The proposed rule would apply to all claims submitted under Medicare Parts A, B, C, and D. The proposed rule is influenced by the outcome of UnitedHealthcare Ins. Co. v. Azar, in which the court noted that the use of the “reasonable diligence” standard in identifying overpayments conflicted with the “knowledge” standard in the FCA and improperly created liability for mere negligence, and CMS does not have the legislative authority to apply more stringent standards to impose FCA consequences through regulation.”

Assembly Bill 5055, introduced in the New Jersey General Assembly on January 12, 2023, would require healthcare facilities and professionals to provide the parent or guardian of an unemancipated minor patient access to the patient’s medical records without authorization from the minor patient. This right of access would not apply where a minor appears to have been sexually assaulted and the treating physician determines that it would not be in the minor’s best interests to notify the parent or guardian, a minor seeks treatment for a substance use disorder, or a minor is over 16 years of age and is seeking temporary outpatient behavioral health treatment.

Assembly Bill 256 passed in both houses of the New Jersey Legislature on January 26, 2023, and now awaits being signed into law by Governor Phil Murphy. If signed into law, this bill would require healthcare facilities licensed by the Department of Health to adopt and implement policies for use of smoke evacuation systems for the prevention of exposure to surgical smoke generated during some surgical procedures. The bill would not apply to long-term care, adult medical day care, home health, and psychiatric hospitals.

On February 1, 2023, the Federal Trade Commission (FTC) issued a press release announcing:

The [FTC] has taken enforcement action for the first time under its Health Breach Notification Rule against the telehealth and prescription drug discount provider [and vendor of personal health records] GoodRx Holdings Inc., for failing to notify consumers and others of its unauthorized disclosures of consumers’ personal health information to Facebook, Google, and other companies.
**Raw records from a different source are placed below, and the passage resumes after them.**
lemma f_sums_maclaurin:
  assumes "j \<ge> 1" and "\<bar>v\<bar> < 2 * pi"
  shows "(\<lambda>i. f_maclaurin_coeff j i * v ^ i) sums f j v"
proof -
  have "(deriv ^^ j) (G_complex j) holomorphic_on ball 0 (2 * pi)"
    by (rule holomorphic_higher_deriv[OF holomorphic_G_complex]) auto
  hence "(\<lambda>i. (deriv ^^ i) ((deriv ^^ j) (G_complex j)) 0 / fact i * (of_real v - 0) ^ i)
           sums (deriv ^^ j) (G_complex j) (of_real v)"
    by (rule holomorphic_power_series) (use assms in simp)
  moreover have "(deriv ^^ i) ((deriv ^^ j) (G_complex j)) 0 = of_real ((deriv ^^ i) (f j) 0)" for i
    using higher_deriv_G_eq_complex[OF assms(1), of 0 "i + j"] by (simp add: f_def funpow_add)
  moreover have "(deriv ^^ j) (G_complex j) (of_real v) = of_real (f j v)"
    using higher_deriv_G_eq_complex[OF assms] by (simp add: f_def)
  ultimately have "(\<lambda>i. complex_of_real ((deriv ^^ i) (f j) 0 / fact i * v ^ i)) sums of_real (f j v)"
    by simp
  thus ?thesis
    by (simp only: sums_of_real_iff higher_deriv_f_0[OF assms(1)])
qed

theorem theorem3p1:
  shows "(\<forall>k::nat. (deriv ^^ k) F1 0 = (-1) ^ k / real (k + 1))
    \<and> (\<forall>j k::nat. j \<ge> 1 \<longrightarrow>
         (deriv ^^ k) (G j) 0 =
           (if k < j - 1 then 0
            else (let m = k + 1 - j in
                  (-1) ^ m * fact k * fact (m + 1) *
                  (\<Sum>q = 0..m. (-1) ^ q / real (q + 1) *
                     real (Stirling (m + q) q) / (fact (m - q) * fact (m + q))))))
    \<and> (\<forall>j::nat. j \<ge> 1 \<longrightarrow>
         (deriv ^^ (j - 1)) (G j) 0 = fact (j - 1)
       \<and> (deriv ^^ j) (G j) 0 = fact j / 2
       \<and> f j 0 = fact j / 2
       \<and> (deriv ^^ (j + 1)) (G j) 0 = fact (j + 1) / 12
       \<and> deriv (f j) 0 = fact (j + 1) / 12
       \<and> (deriv ^^ (j + 2)) (G j) 0 = 0)
    \<and> (\<forall>j::nat. j \<ge> 1 \<longrightarrow>
         (let c = (\<lambda>i::nat. (-1) ^ (i + 1) * real (i + 1) * real (i + 2) * fact (j + i) *
                    (\<Sum>q = 0..i + 1. (-1) ^ q / real (q + 1) *
                       real (Stirling (i + q + 1) q) / (fact (i + 1 - q) * fact (i + q + 1))))
          in (\<forall>i. (deriv ^^ i) (f j) 0 / fact i = c i)
             \<and> (\<forall>v::real. \<bar>v\<bar> < 2 * pi \<longrightarrow> (\<lambda>i. c i * v ^ i) sums f j v)))"
  unfolding Let_def f_maclaurin_coeff_def[symmetric]
proof (intro conjI allI impI)
  fix j :: nat assume j: "j \<ge> 1"
  show "(deriv ^^ (j - 1)) (G j) 0 = fact (j - 1)" "(deriv ^^ j) (G j) 0 = fact j / 2"
    "(deriv ^^ (j + 1)) (G j) 0 = fact (j + 1) / 12" "(deriv ^^ (j + 2)) (G j) 0 = 0"
    using j by (fact higher_deriv_G_0_low_orders)+
  show "f j 0 = fact j / 2"
    using higher_deriv_G_0_low_orders(2)[OF j] by (simp add: f_def)
  show "deriv (f j) 0 = fact (j + 1) / 12"
    using higher_deriv_G_0_low_orders(3)[OF j] by (simp add: f_def)
  show "(deriv ^^ i) (f j) 0 / fact i = f_maclaurin_coeff j i" for i
    using j by (rule higher_deriv_f_0)
  show "(\<lambda>i. f_maclaurin_coeff j i * v ^ i) sums f j v" if "\<bar>v\<bar> < 2 * pi" for v
    using j that by (rule f_sums_maclaurin)
qed (simp_all add: higher_deriv_F1_0 higher_deriv_G_0 todd_coeff_def mult_ac)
In a first-of-its-kind proposed order, filed by the Department of Justice on behalf of the FTC, GoodRx will be prohibited from sharing user health data with applicable third parties for advertising purpose, and has agreed to pay a $1.5 million civil penalty for violating the rule. The proposed order must be approved by the federal court to go into effect.

The FTC alleged that GoodRx shared sensitive personal health information with advertising companies and platforms, contrary to its privacy promises, and failed to report such unauthorized disclosures as required by the Health Breach Notification Rule. The FTC alleged GoodRx:

• Shared personal health information with Facebook, Google, Criteo, and others

• Used personal health information to target its users with advertisements

• Failed to limit third-party use of personal health information

• Misrepresented its HIPAA compliance, and

• Failed to implement policies to protect personal health information.

In September 2021, the FTC issued a policy statement specifically affirming that health apps and connected devices that collect the health data of consumers must comply with the Health Breach Notification Rule, which requires, among other things, that those subject to the rule notify consumers and others when consumers’ health information is breached.

It is also interesting to note that this action follows the recently-published guidance from the Department of Health & Human Services, Office for Civil Rights on the use of online tracking technologies by HIPAA-covered entities and business associates. See our prior Health Law Update article on this topic here.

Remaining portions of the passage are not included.